◆ PROVIDED DATA
definition asym_dirs :: "complex set \<Rightarrow> complex set" where
  "asym_dirs R = {w. cmod w = 1 \<and>
     (\<exists>(wn :: nat \<Rightarrow> complex) (eps :: nat \<Rightarrow> real).
        (\<forall>n. wn n \<in> R \<and> eps n > 0) \<and> eps \<longlonglongrightarrow> 0 \<and>
        (\<lambda>n. complex_of_real (eps n) * wn n) \<longlonglongrightarrow> w)}"

end

theory Submission
  imports Defs
begin

text \<open>The
  directions in which R goes to infinity form a closed subset C of the unit circle with
  C \<inter> -C = {}. By connectedness of the circle, C \<union> -C is not all of it, and this yields a unit
  vector p with p, ip, -ip all outside C. After the rotation taking p to -1, every point of R of
  large modulus has its direction bounded away from -1 and from \<plusminus>i, hence lies in the region
  |v| \<le> a|u| minus the thin left cone |v| \<le> -u/a, once a is large.\<close>

definition limit_directions :: "complex set \<Rightarrow> complex set" where
  "limit_directions R = sphere 0 1 \<inter> (\<Inter>\<rho>. closure (sgn ` {z \<in> R. \<rho> < cmod z}))"

definition cone_region :: "real \<Rightarrow> complex set" where
  "cone_region a = {w. \<bar>Im w\<bar> \<le> a * \<bar>Re w\<bar>} - {w. \<bar>Im w\<bar> \<le> - (1 / a) * Re w}"

lemma closed_limit_directions: "closed (limit_directions R)"
  unfolding limit_directions_def by (intro closed_Int closed_sphere closed_INT) auto

lemma limit_directions_subset_asym_dirs: "limit_directions R \<subseteq> asym_dirs R"
proof
  fix w assume w: "w \<in> limit_directions R"
  have "\<exists>z. z \<in> R \<and> real n + 1 < cmod z \<and> dist (sgn z) w < 1 / real (Suc n)" for n
  proof -
    have "w \<in> closure (sgn ` {z \<in> R. real n + 1 < cmod z})"
      using w by (auto simp: limit_directions_def)
    then show ?thesis
      by (auto simp: closure_approachable simp del: of_nat_Suc)
  qed
  then obtain z where z: "\<And>n. z n \<in> R" "\<And>n. real n + 1 < cmod (z n)"
    "\<And>n. dist (sgn (z n)) w < 1 / real (Suc n)"
    by metis
  define eps where "eps n = 1 / cmod (z n)" for n
  have "cmod (z n) > 0" for n
    using z(2)[of n] of_nat_0_le_iff[of n] by linarith
  then have eps_pos: "eps n > 0" for n
    by (simp add: eps_def)
  have "norm (eps n) < 1 / real (Suc n)" for n
    using z(2)[of n] by (simp add: eps_def frac_less2)
  then have "eps \<longlonglongrightarrow> 0"
    by (rule LIMSEQ_norm_0)
  moreover have "(\<lambda>n. complex_of_real (eps n) * z n) \<longlonglongrightarrow> w"
  proof -
    have sgn_eq: "complex_of_real (eps n) * z n = sgn (z n)" for n
      by (simp add: eps_def sgn_div_norm scaleR_conv_of_real divide_inverse)
    have "(\<lambda>n. sgn (z n) - w) \<longlonglongrightarrow> 0"
      by (rule LIMSEQ_norm_0) (use z(3) in \<open>simp add: dist_norm\<close>)
    then have "(\<lambda>n. sgn (z n)) \<longlonglongrightarrow> w"
      by (rule LIM_zero_cancel)
    then show ?thesis
      by (simp add: sgn_eq)
  qed
  ultimately show "w \<in> asym_dirs R"
    using w z(1) eps_pos by (auto simp: asym_dirs_def limit_directions_def)
qed

lemma limit_directions_isolated:
  assumes "cmod q = 1" "q \<notin> limit_directions R"
  obtains \<delta> \<rho> where "\<delta> > 0" "\<And>z. z \<in> R \<Longrightarrow> \<rho> < cmod z \<Longrightarrow> \<delta> \<le> cmod (sgn z - q)"
proof -
  obtain \<rho> where "q \<notin> closure (sgn ` {z \<in> R. \<rho> < cmod z})"
    using assms by (auto simp: limit_directions_def)
  then obtain \<delta> where "\<delta> > 0" "\<And>z. z \<in> R \<Longrightarrow> \<rho> < cmod z \<Longrightarrow> \<delta> \<le> dist (sgn z) q"
    unfolding closure_approachable by (auto simp: not_less) (meson not_less)
  then show thesis
    using that by (auto simp: dist_norm)
qed

lemma unit_vector_avoiding_quarter_turns:
  fixes C :: "complex set"
  assumes "closed C" and no_antipodes: "\<And>w. w \<in> C \<Longrightarrow> - w \<notin> C"
  obtains p where "cmod p = 1" "p \<notin> C" "\<i> * p \<notin> C" "- (\<i> * p) \<notin> C"
proof (rule ccontr)
  assume "\<not> thesis"
  with that have covered: "\<And>p. cmod p = 1 \<Longrightarrow> p \<in> C \<or> \<i> * p \<in> C \<or> - (\<i> * p) \<in> C"
    by blast
  have neg_mem: "x \<in> uminus ` C \<longleftrightarrow> - x \<in> C" for x
    by (auto simp: image_iff) (metis minus_minus)
  have cover: "sphere 0 1 \<subseteq> C \<union> uminus ` C"
  proof
    fix x :: complex assume x: "x \<in> sphere 0 1"
    show "x \<in> C \<union> uminus ` C"
    proof (rule ccontr)
      assume "x \<notin> C \<union> uminus ` C"
      then have "x \<notin> C" "- x \<notin> C"
        by (simp_all add: neg_mem)
      then have "\<i> * x \<in> C" "- (\<i> * x) \<in> C"
        using covered[of "\<i> * x"] covered[of "- (\<i> * x)"] x by (simp_all add: norm_mult)
      then show False
        using no_antipodes by blast
    qed
  qed
  have "closed (uminus ` C)"
    using closed_negations[OF \<open>closed C\<close>] by simp
  moreover have "C \<inter> uminus ` C \<inter> sphere 0 1 = {}"
    using no_antipodes by (auto simp: neg_mem)
  ultimately have "C \<inter> sphere 0 1 = {} \<or> uminus ` C \<inter> sphere 0 1 = {}"
    using connected_closedD[OF connected_sphere[of "0::complex" 1] _ cover \<open>closed C\<close>] by simp
  moreover have "1 \<in> C \<union> uminus ` C" "-1 \<in> C \<union> uminus ` C"
    using subsetD[OF cover, of 1] subsetD[OF cover, of "-1"] by simp_all
  ultimately show False
    using no_antipodes[of 1] by (auto simp: neg_mem)
qed

lemma sq_one_minus_le_sq_of_unit:
  fixes s t :: real
  assumes "s \<ge> 0" "t \<ge> 0" "s\<^sup>2 + t\<^sup>2 = 1"
  shows "(1 - t)\<^sup>2 \<le> s\<^sup>2"
proof -
  have "t\<^sup>2 \<le> 1"
    using assms(3) zero_le_power2[of s] by linarith
  then have "t \<le> 1"
    using power2_le_imp_le[of t 1] by simp
  then have "t * t \<le> 1 * t" "(1 - t) * (1 - t) \<le> 1 * (1 - t)"
    using \<open>t \<ge> 0\<close> by (intro mult_right_mono; simp)+
  then show ?thesis
    using assms(3) by (simp add: power2_eq_square)
qed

◆ EXERCISE DESCRIPTION
Quote the listing in full, please, keeping every line exact.

◆ TASK OUTPUT
definition asym_dirs :: "complex set \<Rightarrow> complex set" where
  "asym_dirs R = {w. cmod w = 1 \<and>
     (\<exists>(wn :: nat \<Rightarrow> complex) (eps :: nat \<Rightarrow> real).
        (\<forall>n. wn n \<in> R \<and> eps n > 0) \<and> eps \<longlonglongrightarrow> 0 \<and>
        (\<lambda>n. complex_of_real (eps n) * wn n) \<longlonglongrightarrow> w)}"

end

theory Submission
  imports Defs
begin

text \<open>The
  directions in which R goes to infinity form a closed subset C of the unit circle with
  C \<inter> -C = {}. By connectedness of the circle, C \<union> -C is not all of it, and this yields a unit
  vector p with p, ip, -ip all outside C. After the rotation taking p to -1, every point of R of
  large modulus has its direction bounded away from -1 and from \<plusminus>i, hence lies in the region
  |v| \<le> a|u| minus the thin left cone |v| \<le> -u/a, once a is large.\<close>

definition limit_directions :: "complex set \<Rightarrow> complex set" where
  "limit_directions R = sphere 0 1 \<inter> (\<Inter>\<rho>. closure (sgn ` {z \<in> R. \<rho> < cmod z}))"

definition cone_region :: "real \<Rightarrow> complex set" where
  "cone_region a = {w. \<bar>Im w\<bar> \<le> a * \<bar>Re w\<bar>} - {w. \<bar>Im w\<bar> \<le> - (1 / a) * Re w}"

lemma closed_limit_directions: "closed (limit_directions R)"
  unfolding limit_directions_def by (intro closed_Int closed_sphere closed_INT) auto

lemma limit_directions_subset_asym_dirs: "limit_directions R \<subseteq> asym_dirs R"
proof
  fix w assume w: "w \<in> limit_directions R"
  have "\<exists>z. z \<in> R \<and> real n + 1 < cmod z \<and> dist (sgn z) w < 1 / real (Suc n)" for n
  proof -
    have "w \<in> closure (sgn ` {z \<in> R. real n + 1 < cmod z})"
      using w by (auto simp: limit_directions_def)
    then show ?thesis
      by (auto simp: closure_approachable simp del: of_nat_Suc)
  qed
  then obtain z where z: "\<And>n. z n \<in> R" "\<And>n. real n + 1 < cmod (z n)"
    "\<And>n. dist (sgn (z n)) w < 1 / real (Suc n)"
    by metis
  define eps where "eps n = 1 / cmod (z n)" for n
  have "cmod (z n) > 0" for n
    using z(2)[of n] of_nat_0_le_iff[of n] by linarith
  then have eps_pos: "eps n > 0" for n
    by (simp add: eps_def)
  have "norm (eps n) < 1 / real (Suc n)" for n
    using z(2)[of n] by (simp add: eps_def frac_less2)
  then have "eps \<longlonglongrightarrow> 0"
    by (rule LIMSEQ_norm_0)
  moreover have "(\<lambda>n. complex_of_real (eps n) * z n) \<longlonglongrightarrow> w"
  proof -
    have sgn_eq: "complex_of_real (eps n) * z n = sgn (z n)" for n
      by (simp add: eps_def sgn_div_norm scaleR_conv_of_real divide_inverse)
    have "(\<lambda>n. sgn (z n) - w) \<longlonglongrightarrow> 0"
      by (rule LIMSEQ_norm_0) (use z(3) in \<open>simp add: dist_norm\<close>)
    then have "(\<lambda>n. sgn (z n)) \<longlonglongrightarrow> w"
      by (rule LIM_zero_cancel)
    then show ?thesis
      by (simp add: sgn_eq)
  qed
  ultimately show "w \<in> asym_dirs R"
    using w z(1) eps_pos by (auto simp: asym_dirs_def limit_directions_def)
qed

lemma limit_directions_isolated:
  assumes "cmod q = 1" "q \<notin> limit_directions R"
  obtains \<delta> \<rho> where "\<delta> > 0" "\<And>z. z \<in> R \<Longrightarrow> \<rho> < cmod z \<Longrightarrow> \<delta> \<le> cmod (sgn z - q)"
proof -
  obtain \<rho> where "q \<notin> closure (sgn ` {z \<in> R. \<rho> < cmod z})"
    using assms by (auto simp: limit_directions_def)
  then obtain \<delta> where "\<delta> > 0" "\<And>z. z \<in> R \<Longrightarrow> \<rho> < cmod z \<Longrightarrow> \<delta> \<le> dist (sgn z) q"
    unfolding closure_approachable by (auto simp: not_less) (meson not_less)
  then show thesis
    using that by (auto simp: dist_norm)
qed

lemma unit_vector_avoiding_quarter_turns:
  fixes C :: "complex set"
  assumes "closed C" and no_antipodes: "\<And>w. w \<in> C \<Longrightarrow> - w \<notin> C"
  obtains p where "cmod p = 1" "p \<notin> C" "\<i> * p \<notin> C" "- (\<i> * p) \<notin> C"
proof (rule ccontr)
  assume "\<not> thesis"
  with that have covered: "\<And>p. cmod p = 1 \<Longrightarrow> p \<in> C \<or> \<i> * p \<in> C \<or> - (\<i> * p) \<in> C"
    by blast
  have neg_mem: "x \<in> uminus ` C \<longleftrightarrow> - x \<in> C" for x
    by (auto simp: image_iff) (metis minus_minus)
  have cover: "sphere 0 1 \<subseteq> C \<union> uminus ` C"
  proof
    fix x :: complex assume x: "x \<in> sphere 0 1"
    show "x \<in> C \<union> uminus ` C"
    proof (rule ccontr)
      assume "x \<notin> C \<union> uminus ` C"
      then have "x \<notin> C" "- x \<notin> C"
        by (simp_all add: neg_mem)
      then have "\<i> * x \<in> C" "- (\<i> * x) \<in> C"
        using covered[of "\<i> * x"] covered[of "- (\<i> * x)"] x by (simp_all add: norm_mult)
      then show False
        using no_antipodes by blast
    qed
  qed
  have "closed (uminus ` C)"
    using closed_negations[OF \<open>closed C\<close>] by simp
  moreover have "C \<inter> uminus ` C \<inter> sphere 0 1 = {}"
    using no_antipodes by (auto simp: neg_mem)
  ultimately have "C \<inter> sphere 0 1 = {} \<or> uminus ` C \<inter> sphere 0 1 = {}"
    using connected_closedD[OF connected_sphere[of "0::complex" 1] _ cover \<open>closed C\<close>] by simp
  moreover have "1 \<in> C \<union> uminus ` C" "-1 \<in> C \<union> uminus ` C"
    using subsetD[OF cover, of 1] subsetD[OF cover, of "-1"] by simp_all
  ultimately show False
    using no_antipodes[of 1] by (auto simp: neg_mem)
qed

lemma sq_one_minus_le_sq_of_unit:
  fixes s t :: real
  assumes "s \<ge> 0" "t \<ge> 0" "s\<^sup>2 + t\<^sup>2 = 1"
  shows "(1 - t)\<^sup>2 \<le> s\<^sup>2"
proof -
  have "t\<^sup>2 \<le> 1"
    using assms(3) zero_le_power2[of s] by linarith
  then have "t \<le> 1"
    using power2_le_imp_le[of t 1] by simp
  then have "t * t \<le> 1 * t" "(1 - t) * (1 - t) \<le> 1 * (1 - t)"
    using \<open>t \<ge> 0\<close> by (intro mult_right_mono; simp)+
  then show ?thesis
    using assms(3) by (simp add: power2_eq_square)
qed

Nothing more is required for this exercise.